_Task objective_. Look through the data below. Collect every line where the word "that" occurs.
**** Data extracts ****
lemma primal_value_attained:
  obtains ys where "vle (H ys) 0" and "F ys = primal_value"
proof -
  obtain y0 where "vlt (H y0) 0" using slater by blast
  then have "{y. vle (H y) 0} \<noteq> {}" by (auto simp: vle_def vlt_def intro: less_imp_le)
  then obtain ys where feasible: "vle (H ys) 0" and minimal: "\<And>y. vle (H y) 0 \<Longrightarrow> F ys \<le> F y"
    using continuous_attains_inf[OF compact_feasible _ continuous_on_subset[OF continuous_F]]
    by blast
  have "primal_value \<le> F ys" using feasible by (rule primal_value_le)
  moreover have "F ys \<le> primal_value"
    unfolding primal_value_def using feasible minimal by (intro cInf_greatest) auto
  ultimately show thesis using that feasible by simp
qed

lemma dual_optimal_nonempty: "dual_optimal \<noteq> {}"
  using slater slater_lagrange_multiplier[OF convex_F convex_H _ primal_value_le]
  unfolding dual_optimal_def by blast

lemma compact_dual_optimal: "compact dual_optimal"
proof -
  obtain y0 where slater_point: "vlt (H y0) 0" using slater by blast
  define B where "B = F y0 - primal_value"
  have component_bound: "l $ j \<le> B / - H y0 $ j" if "l \<in> dual_optimal" for l j
  proof -
    have "l $ j * - H y0 $ j \<le> - (l \<bullet> H y0)"
      using that slater_point
      by (intro component_mult_le_minus_inner) (auto simp: dual_optimal_def vle_def vlt_def less_imp_le)
    also have "\<dots> \<le> B"
      using that unfolding dual_optimal_def B_def by (smt (verit) mem_Collect_eq)
    finally have "l $ j * - H y0 $ j \<le> B" .
    moreover have "0 < - H y0 $ j" using slater_point by (simp add: vlt_def)
    ultimately show ?thesis by (subst pos_le_divide_eq)
  qed
  have "norm l \<le> (\<Sum>j\<in>UNIV. B / - H y0 $ j)" if "l \<in> dual_optimal" for l
  proof -
    have "norm l \<le> (\<Sum>j\<in>UNIV. \<bar>l $ j\<bar>)" by (rule norm_le_l1_cart)
    also have "\<dots> \<le> (\<Sum>j\<in>UNIV. B / - H y0 $ j)"
      using that component_bound by (intro sum_mono) (simp add: dual_optimal_def vle_def)
    finally show ?thesis .
  qed
  then have "bounded dual_optimal" unfolding bounded_iff by blast
  moreover have "closed dual_optimal"
    unfolding dual_optimal_def vle_def
    by (intro closed_Collect_conj closed_Collect_all closed_Collect_le continuous_intros)
  ultimately show ?thesis by (simp add: compact_eq_bounded_closed)
qed

definition dual_function :: "real^'p \<Rightarrow> ereal" where
  "dual_function l = (INF y. ereal (F y + l \<bullet> H y))"

lemma dual_function_le_primal_value:
  assumes "vle 0 l" shows "dual_function l \<le> ereal primal_value"
proof -
  obtain ys where "vle (H ys) 0" and "F ys = primal_value" by (rule primal_value_attained)
  then show ?thesis
    unfolding dual_function_def using assms
    by (intro INF_lower2[of ys]) (auto dest: inner_nonneg_nonpos_le_0)
qed

lemma primal_value_le_dual_function_iff:
  assumes "vle 0 l" shows "ereal primal_value \<le> dual_function l \<longleftrightarrow> l \<in> dual_optimal"
  using assms by (simp add: dual_function_def dual_optimal_def le_INF_iff)

lemma argmax_dual_function: "argmax_on dual_function {l. vle 0 l} = dual_optimal"
  using dual_function_le_primal_value primal_value_le_dual_function_iff dual_optimal_nonempty
  by (intro argmax_on_eq_attaining_set) (auto simp: dual_optimal_def)

lemma SUP_dual_function: "(SUP l\<in>{l. vle 0 l}. dual_function l) = ereal primal_value"
proof -
  obtain l0 where "l0 \<in> dual_optimal" using dual_optimal_nonempty by blast
  then show ?thesis
    using dual_function_le_primal_value primal_value_le_dual_function_iff
    by (intro SUP_eq_attained_bound[of _ _ _ l0]) (auto simp: dual_optimal_def)
qed

end

locale convex_program_on = convex_program F H
  for F :: "real^'m \<Rightarrow> real" and H :: "real^'m \<Rightarrow> real^'p" +
  fixes Y :: "(real^'m) set"
  assumes compact_Y: "compact Y"
    and feasible_in_interior: "{y. vle (H y) 0} \<subseteq> interior Y"
begin

definition constrained_dual_function :: "real^'p \<Rightarrow> real" where
  "constrained_dual_function l = Inf ((\<lambda>y. F y + l \<bullet> H y) ` Y)"

lemma bdd_below_lagrangian_on_Y: "bdd_below ((\<lambda>y. F y + l \<bullet> H y) ` Y)"
  by (intro bounded_imp_bdd_below compact_imp_bounded compact_continuous_image compact_Y
      continuous_intros continuous_on_subset[OF continuous_F] continuous_on_subset[OF continuous_H])
    auto

lemma constrained_dual_function_le_primal_value:
  assumes "vle 0 l" shows "constrained_dual_function l \<le> primal_value"
proof -
  obtain ys where "vle (H ys) 0" and "F ys = primal_value" by (rule primal_value_attained)
  moreover have "ys \<in> Y" using \<open>vle (H ys) 0\<close> feasible_in_interior interior_subset by blast
  ultimately show ?thesis
    unfolding constrained_dual_function_def using assms
    by (intro cInf_lower2[OF _ _ bdd_below_lagrangian_on_Y]) (auto dest: inner_nonneg_nonpos_le_0)
qed

lemma primal_value_le_constrained_dual_function_iff:
  assumes "vle 0 l"
  shows "primal_value \<le> constrained_dual_function l \<longleftrightarrow> l \<in> dual_optimal"
proof -
  have "Y \<noteq> {}" using slater feasible_in_interior interior_subset
    by (fastforce simp: vle_def vlt_def intro: less_imp_le)
  then have "primal_value \<le> constrained_dual_function l \<longleftrightarrow>
      (\<forall>y\<in>Y. primal_value \<le> F y + l \<bullet> H y)"
    unfolding constrained_dual_function_def by (simp add: le_cInf_iff bdd_below_lagrangian_on_Y)
  also have "\<dots> \<longleftrightarrow> (\<forall>y. primal_value \<le> F y + l \<bullet> H y)"
  proof safe
    fix y assume bound_on_Y: "\<forall>y\<in>Y. primal_value \<le> F y + l \<bullet> H y"
    obtain ys where "vle (H ys) 0" and "F ys = primal_value" by (rule primal_value_attained)
    then show "primal_value \<le> F y + l \<bullet> H y"
      using assms feasible_in_interior bound_on_Y inner_nonneg_nonpos_le_0[of l "H ys"]
      by (intro convex_lower_bound_from_interior[OF convex_on_lagrangian[OF convex_F convex_H]])
        auto
  qed simp
  finally show ?thesis using assms by (simp add: dual_optimal_def)
qed

lemma argmax_constrained_dual_function:
  "argmax_on constrained_dual_function {l. vle 0 l} = dual_optimal"
  using constrained_dual_function_le_primal_value primal_value_le_constrained_dual_function_iff
    dual_optimal_nonempty
  by (intro argmax_on_eq_attaining_set) (auto simp: dual_optimal_def)

lemma SUP_constrained_dual_function:
  "(SUP l\<in>{l. vle 0 l}. ereal (constrained_dual_function l)) = ereal primal_value"
proof -
  obtain l0 where "l0 \<in> dual_optimal" using dual_optimal_nonempty by blast
  then show ?thesis
    using constrained_dual_function_le_primal_value primal_value_le_constrained_dual_function_iff
    by (intro SUP_eq_attained_bound[of _ _ _ l0]) (auto simp: dual_optimal_def)
qed

end

lemma C2_imp_continuous: "C2 F \<Longrightarrow> continuous_on UNIV F"
  unfolding C2_def by (metis continuous_at_imp_continuous_on has_derivative_continuous)

lemma continuous_on_slice:
  assumes "continuous_on UNIV \<Phi>"
  shows "continuous_on UNIV (\<lambda>y. \<Phi> (x, y))"
  by (rule continuous_on_compose2[OF assms]) (auto intro: continuous_intros)

theorem theorem1:
  fixes f :: "real^'n \<Rightarrow> real^'m \<Rightarrow> real"
    and g :: "real^'n \<Rightarrow> real^'m \<Rightarrow> real^'p"
    and G :: "real^'n \<Rightarrow> real^'q"
    and X :: "(real^'n) set" and Y :: "(real^'m) set"
  assumes X_def: "X = {x. vle (G x) 0}"
    and A1_convf: "\<And>x. convex_on UNIV (\<lambda>y. f x y)"
    and A1_convg: "\<And>x i. convex_on UNIV (\<lambda>y. g x y $ i)"
    and A1_C2f: "C2 (\<lambda>z::(real^'n) \<times> (real^'m). f (fst z) (snd z))"
    and A1_C2g: "\<And>i. C2 (\<lambda>z::(real^'n) \<times> (real^'m). g (fst z) (snd z) $ i)"
    and A2_compact: "compact Y" and A2_convex: "convex Y"
    and A2_int: "{y. \<exists>x\<in>X. vle (g x y) 0} \<subseteq> interior Y"
    and R1: "\<And>x. x \<in> X \<Longrightarrow> \<exists>y. vlt (g x y) 0"
  shows "\<forall>x\<in>X.
     (let L = {l::real^'p. vle 0 l} in
        argmax_on (\<lambda>l. psi f g l x) L \<noteq> {} \<and>
        compact (argmax_on (\<lambda>l. psi f g l x) L) \<and>
        (SUP l\<in>L. ereal (hdual f g Y l x)) = (SUP l\<in>L. psi f g l x) \<and>
        argmax_on (\<lambda>l. hdual f g Y l x) L = argmax_on (\<lambda>l. psi f g l x) L)"
proof
  \<comment> \<open>Neither the convexity of \<open>Y\<close> nor the description of \<open>X\<close> is needed.\<close>
  fix x assume "x \<in> X"
  have continuous_g: "continuous_on UNIV (\<lambda>y. g x y $ i)" for i
    using continuous_on_slice[OF C2_imp_continuous[OF A1_C2g]] by simp
  have feasible_in_interior: "{y. vle (g x y) 0} \<subseteq> interior Y"
    using A2_int \<open>x \<in> X\<close> by blast
  have "closed {y. vle (g x y) 0}"
    unfolding vle_def by (intro closed_Collect_all closed_Collect_le continuous_g continuous_intros)
  then have "compact {y. vle (g x y) 0}"
    using feasible_in_interior interior_subset A2_compact
    by (metis compact_Int_closed inf.absorb_iff2 order_trans)
  then interpret convex_program_on "f x" "g x" Y
    using continuous_on_slice[OF C2_imp_continuous[OF A1_C2f]] continuous_g A1_convf A1_convg
      R1[OF \<open>x \<in> X\<close>] A2_compact feasible_in_interior
    by unfold_locales (auto intro: continuous_on_vec_lambda[of _ "\<lambda>i y. g x y $ i", simplified])
  have "psi f g l x = dual_function l" for l
    by (simp add: psi_def dual_function_def)
  moreover have "hdual f g Y l x = constrained_dual_function l" for l
    by (simp add: hdual_def constrained_dual_function_def)
  ultimately show "let L = {l::real^'p. vle 0 l} in
        argmax_on (\<lambda>l. psi f g l x) L \<noteq> {} \<and>
        compact (argmax_on (\<lambda>l. psi f g l x) L) \<and>
        (SUP l\<in>L. ereal (hdual f g Y l x)) = (SUP l\<in>L. psi f g l x) \<and>
        argmax_on (\<lambda>l. hdual f g Y l x) L = argmax_on (\<lambda>l. psi f g l x) L"
    using argmax_dual_function argmax_constrained_dual_function dual_optimal_nonempty
      compact_dual_optimal SUP_dual_function SUP_constrained_dual_function
    by simp
qed

end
****
_Task solution_.
  ultimately show thesis using that feasible by simp
      using that slater_point
      using that unfolding dual_optimal_def B_def by (smt (verit) mem_Collect_eq)
      using that component_bound by (intro sum_mono) (simp add: dual_optimal_def vle_def)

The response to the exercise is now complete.